Hotel helter skelter

The design problem with the new Four Seasons Hotel in Yorkville is obvious right from the forecourt. In the middle is a four-tiered fountain that could come from the Renaissance, the pad uses a mosaic of stone inspired by a Persian rug, and the glass canopy over the entrance has a floral pattern reminiscent of a nineteenth-century textile by William Morris. It’s as if they weren’t sure what to do so they did everything.

The hodge-podge continues inside. A minuscule hotel lobby that could seat a dozen gives onto a room containing only a sculptural dandelion. The front desk is almost invisible in an alcove. The next room is even more empty with the concierge discreetly in an antechamber behind a desk of Indian indigo tiger-eye marble, another of the one-offs with no tie to anything else. Vertical metal work looks like Spanish wrought iron gates.
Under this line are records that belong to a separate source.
lemma (in monoid) walk_nth_in_cayley_ball:
  assumes S: "S \<subseteq> carrier G" and walk: "is_walk (carrier G) (cayley_adj G S) xs"
  shows "j < length xs \<Longrightarrow> \<exists>w\<in>cayley_ball G S j. xs ! j = hd xs \<otimes> w"
proof (induction j)
  case 0
  have "hd xs \<in> carrier G"
    using walk hd_in_set by (auto simp: is_walk_iff_successively)
  then show ?case
    using walk by (simp add: hd_conv_nth is_walk_def)
next
  case (Suc j)
  then obtain w where w: "w \<in> cayley_ball G S j" "xs ! j = hd xs \<otimes> w"
    by auto
  obtain s where s: "s \<in> S" "xs ! Suc j = xs ! j \<otimes> s"
    using walk Suc.prems unfolding is_walk_def cayley_adj_def by blast
  have "hd xs \<in> carrier G" "w \<in> carrier G" "s \<in> carrier G"
    using walk hd_in_set cayley_ball_carrier[OF S] w(1) s(1) S by (auto simp: is_walk_iff_successively)
  then have "xs ! Suc j = hd xs \<otimes> (w \<otimes> s)"
    using s(2) w(2) by (simp add: m_assoc)
  moreover have "w \<otimes> s \<in> cayley_ball G S (Suc j)"
    using w(1) s(1) by (auto simp: set_mult_def)
  ultimately show ?case
    by blast
qed

fun lift_walk :: "('g, 'c) monoid_scheme \<Rightarrow> ('k, 'd) monoid_scheme \<Rightarrow> ('k \<Rightarrow> 'g) \<Rightarrow> 'g \<Rightarrow> 'k list \<Rightarrow> 'g list"
  where
    "lift_walk G K \<sigma> g (x # y # ys) = g # lift_walk G K \<sigma> (g \<otimes>\<^bsub>G\<^esub> \<sigma> (inv\<^bsub>K\<^esub> x \<otimes>\<^bsub>K\<^esub> y)) (y # ys)"
  | "lift_walk G K \<sigma> g _ = [g]"

lemma hd_lift_walk [simp]: "hd (lift_walk G K \<sigma> g xs) = g"
  by (induction G K \<sigma> g xs rule: lift_walk.induct) simp_all

lemma lift_walk_not_Nil [simp]: "lift_walk G K \<sigma> g xs \<noteq> []"
  by (induction G K \<sigma> g xs rule: lift_walk.induct) simp_all

lemma length_lift_walk: "length (lift_walk G K \<sigma> g xs) = max 1 (length xs)"
  by (induction G K \<sigma> g xs rule: lift_walk.induct) simp_all

lemma walk_len_lift_walk [simp]: "walk_len (lift_walk G K \<sigma> g xs) = walk_len xs"
  by (simp add: walk_len_def length_lift_walk)

lemma (in monoid) lift_walk_translate:
  assumes "\<And>x. \<sigma> x \<in> carrier G" "g \<in> carrier G" "h \<in> carrier G"
  shows "lift_walk G K \<sigma> (h \<otimes> g) xs = map ((\<otimes>) h) (lift_walk G K \<sigma> g xs)"
  using assms(2)
proof (induction xs arbitrary: g rule: induct_list012)
  case (3 x y ys)
  have "lift_walk G K \<sigma> (h \<otimes> g \<otimes> \<sigma> (inv\<^bsub>K\<^esub> x \<otimes>\<^bsub>K\<^esub> y)) (y # ys)
      = map ((\<otimes>) h) (lift_walk G K \<sigma> (g \<otimes> \<sigma> (inv\<^bsub>K\<^esub> x \<otimes>\<^bsub>K\<^esub> y)) (y # ys))"
    using "3.IH"(2) "3.prems" assms(1,3) by (simp add: m_assoc)
  then show ?case
    by simp
qed simp_all

section \<open>Lifting separating triples through a group extension\<close>

definition separating_triple ::
  "'a set \<Rightarrow> ('a \<Rightarrow> 'a \<Rightarrow> bool) \<Rightarrow> nat \<Rightarrow> nat \<Rightarrow> nat \<Rightarrow> 'a set \<Rightarrow> 'a set \<Rightarrow> 'a set \<Rightarrow> bool"
  where "separating_triple V E m k r U F W \<longleftrightarrow>
    U \<subseteq> V \<and> F \<subseteq> V \<and> W \<subseteq> V \<and> finite U \<and> finite F \<and> finite W \<and>
    U \<inter> F = {} \<and> U \<inter> W = {} \<and> F \<inter> W = {} \<and> U \<noteq> {} \<and> card U \<ge> m * card F \<and>
    (\<exists>\<mu>. bij_betw \<mu> U W \<and> (\<forall>u\<in>U. dist_le V E u (\<mu> u) k)) \<and>
    (\<forall>xs. is_walk V E xs \<and> hd xs \<in> U \<and> last xs \<in> W \<longrightarrow> set xs \<inter> F \<noteq> {} \<or> walk_len xs \<ge> r)"

lemma extraterrestrial_iff_separating_triple:
  "extraterrestrial V E \<longleftrightarrow> (\<forall>m. \<exists>k. \<forall>r. \<exists>U F W. separating_triple V E m k r U F W)"
  unfolding extraterrestrial_def separating_triple_def ..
Cafe Boulud, the chichi restaurant on the second floor, continues the helter-skelter design. To the left, tables, chairs and the banquette are in dark wood and black leather. In the middle of the room, the tables are glass-topped and sit on shiny metal pedestals. Elsewhere the seating includes fabric couches and camel-coloured leather. A communal table has been cut from a tree trunk. The flooring is quarried dark stone, the walls could be from sun-washed pueblos in the southwest. The paintings are by Mr. Brainwash, a street pop artist from Los Angeles who appears to have studied Andy Warhol and no one else. There is no flow.

Rosalie Sharp, an alumna of the Ontario College of Art and wife of Four Seasons founder Isadore Sharp, had a role in the interior design of the previous Four Seasons Yorkville. The new hotel’s website mentions various designers but not Ms. Sharp. I have not seen any of the hotel’s 259 guest rooms but the public spaces I did view are nowhere near as graciously done as the earlier version. Ms. Sharp’s knowing hand would have helped here. Based on the interior design, I’d call this place the Two-And-A-Half Seasons.

UPDATE: Although her name may not appear anywhere, it turns out that Cafe Boulud was, in fact, designed by Rosalie Sharp. Well, I guess everyone makes mistakes, me included. My views on how it looks, however, still stand.